Carl Allen chronology
| The Pursuer (1994) | Testimonial (1995) |  |

= Testimonial (album) =

Testimonial is an album by the American drummer Carl Allen, released in 1995. It combines the musical styles of jazz and gospel. Allen supported the album with a North American tour.

==Production==
Allen wrote the majority of the songs. "Come Sunday" is a cover of the Duke Ellington song. "Holy Land" was written by Cedar Walton.
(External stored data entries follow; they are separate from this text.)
lemma convex_fn_gradient_ineq:
  fixes f :: "'a::real_inner \<Rightarrow> ereal"
  assumes cf: "convex_fn f" and pf: "proper_fn f" and hg: "has_grad f x g" and fy: "f y \<noteq> \<infinity>"
  shows "real_of_ereal (f x) + g \<bullet> (y - x) \<le> real_of_ereal (f y)"
proof -
  define F where "F z = real_of_ereal (f z)" for z
  define h where "h t = F (x + t *\<^sub>R (y - x))" for t
  have "((\<lambda>t. x + t *\<^sub>R (y - x)) has_derivative (\<lambda>t. t *\<^sub>R (y - x))) (at 0 within {0<..})"
    by (auto intro!: derivative_eq_intros)
  moreover have "(F has_derivative (\<lambda>v. g \<bullet> v)) (at ((\<lambda>t. x + t *\<^sub>R (y - x)) 0))"
    using hg by (simp add: has_grad_def F_def[abs_def])
  ultimately have "(h has_derivative (\<lambda>t. g \<bullet> (t *\<^sub>R (y - x)))) (at 0 within {0<..})"
    unfolding h_def by (rule has_derivative_compose)
  moreover have "(\<lambda>t. g \<bullet> (t *\<^sub>R (y - x))) = (*) (g \<bullet> (y - x))" by (auto simp: algebra_simps)
  ultimately have "(h has_field_derivative (g \<bullet> (y - x))) (at 0 within {0<..})"
    by (simp add: has_field_derivative_def)
  hence lim: "((\<lambda>t. (h t - h 0) / (t - 0)) \<longlongrightarrow> g \<bullet> (y - x)) (at_right 0)"
    by (simp add: has_field_derivative_iff)
  have "\<forall>\<^sub>F t in at_right 0. (h t - h 0) / (t - 0) \<le> F y - F x"
  proof -
    have "\<forall>\<^sub>F t in at_right (0::real). t < 1"
      unfolding eventually_at_right_field by (intro exI[of _ 1]) auto
    moreover have "\<forall>\<^sub>F t in at_right (0::real). 0 < t" by (simp add: eventually_at_right_less)
    ultimately show ?thesis
    proof eventually_elim
      case (elim t)
      have "h t - h 0 \<le> (F y - F x) * t"
        using convex_fn_segment(2)[OF cf pf has_grad_finite[OF hg] fy, of t] elim
        by (simp add: h_def F_def algebra_simps)
      thus ?case using elim by (simp add: divide_le_eq)
    qed
  qed
  hence "g \<bullet> (y - x) \<le> F y - F x"
    using tendsto_le[OF _ tendsto_const lim] by simp
  thus ?thesis by (simp add: F_def)
qed
lemma mat_pow_null_vec:
  assumes "a < N" and null: "\<And>i. i < N \<Longrightarrow> (\<Sum>l<N. A i l * x l) = 0"
  shows "(\<Sum>b<N. mat_pow N (\<lambda>i j. of_real (A i j)) n a b * of_real (x b))
         = (if n = 0 then of_real (x a) else 0)"
proof (cases n)
  case 0
  then show ?thesis using assms(1) by (simp add: if_distrib[where f = "\<lambda>z. z * _"] cong: if_cong)
next
  case (Suc m)
  let ?P = "\<lambda>i j. complex_of_real (A i j)"
  have "(\<Sum>b<N. mat_pow N ?P (Suc m) a b * of_real (x b))
      = (\<Sum>b<N. \<Sum>l<N. mat_pow N ?P m a l * (?P l b * of_real (x b)))"
    using assms(1) by (simp add: mat_pow_Suc_right sum_distrib_right mult.assoc del: mat_pow.simps(2))
  also have "\<dots> = (\<Sum>l<N. mat_pow N ?P m a l * of_real (\<Sum>b<N. A l b * x b))"
    by (subst sum.swap) (simp add: sum_distrib_left)
  finally show ?thesis using Suc null by simp
qed

lemma transition_vec_null:
  assumes "a < N" and null: "\<And>i. i < N \<Longrightarrow> (\<Sum>l<N. A i l * x l) = 0"
  shows "transition_vec N A t x a = of_real (x a)"
proof -
  let ?c = "\<lambda>n. (\<i> * complex_of_real t) ^ n / of_nat (fact n)"
  let ?P = "\<lambda>i j. complex_of_real (A i j)"
  have "(\<lambda>n. \<Sum>b<N. ?c n * mat_pow N ?P n a b * of_real (x b)) sums transition_vec N A t x a"
    unfolding transition_vec_def by (intro sums_sum sums_mult2 transition_sums assms(1))
  moreover have "(\<Sum>b<N. ?c n * mat_pow N ?P n a b * of_real (x b)) = (if n = 0 then of_real (x a) else 0)" for n
  proof -
    have "(\<Sum>b<N. ?c n * mat_pow N ?P n a b * of_real (x b))
        = ?c n * (\<Sum>b<N. mat_pow N ?P n a b * of_real (x b))"
      by (simp only: sum_distrib_left mult.assoc)
    also have "(\<Sum>b<N. mat_pow N ?P n a b * of_real (x b)) = (if n = 0 then of_real (x a) else 0)"
      using assms(1) null by (rule mat_pow_null_vec)
    finally show ?thesis by simp
  qed
  ultimately show ?thesis
    using sums_single[of 0 "\<lambda>_. complex_of_real (x a)"] by (simp add: sums_unique2)
qed
definition weak_graph :: "nat \<Rightarrow> (nat \<Rightarrow> nat \<Rightarrow> real) \<Rightarrow> (nat \<Rightarrow> nat) \<Rightarrow> nat \<Rightarrow> nat \<Rightarrow> bool" where
  "weak_graph N A cmp S R \<longleftrightarrow>
     (\<forall>l<N. \<forall>k<N. 0 \<le> A l k) \<and>
     (\<forall>k<N. (\<Sum>l<N. A l k) = 1) \<and>
     (\<forall>k<N. cmp k < S + R) \<and>
     (\<forall>k k'. k \<le> k' \<longrightarrow> k' < N \<longrightarrow> cmp k \<le> cmp k') \<and>
     (\<forall>j<S + R. subnet cmp N j \<noteq> {}) \<and>
     (\<forall>l<N. \<forall>k<N. cmp l < S \<and> cmp k < S \<and> cmp l \<noteq> cmp k \<longrightarrow> A l k = 0) \<and>
     (\<forall>l<N. \<forall>k<N. S \<le> cmp l \<and> cmp k < S \<longrightarrow> A l k = 0) \<and>
     (\<forall>s<S. strongly_connected_sub A (subnet cmp N s)) \<and>
     (\<forall>r<R. connected_sub A (subnet cmp N (S + r))) \<and>
     (\<forall>r<R. \<forall>s<S. \<exists>l\<in>subnet cmp N s. \<exists>k\<in>subnet cmp N (S + r). 0 < A l k)"

definition perron_vec :: "(nat \<Rightarrow> nat \<Rightarrow> real) \<Rightarrow> nat set \<Rightarrow> (nat \<Rightarrow> real) \<Rightarrow> bool" where
  "perron_vec A C p \<longleftrightarrow>
     (\<forall>l\<in>C. (\<Sum>l'\<in>C. A l l' * p l') = p l) \<and> sum p C = 1 \<and> (\<forall>l\<in>C. 0 < p l)"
Cyrus Chestnut played the organ. Kevin Mahogany sang on "A City Called Heaven".

==Critical reception==

Westword called the album a mostly successful attempt "to infuse creative jazz with a heavy dose of spirituality." The Calgary Herald determined that, "as a drummer, [Allen] has little more to offer than brawn and metronomic timing." The Ottawa Citizen noted that "trumpeter Nicholas Payton has begun making his name with fiery, flawless playing."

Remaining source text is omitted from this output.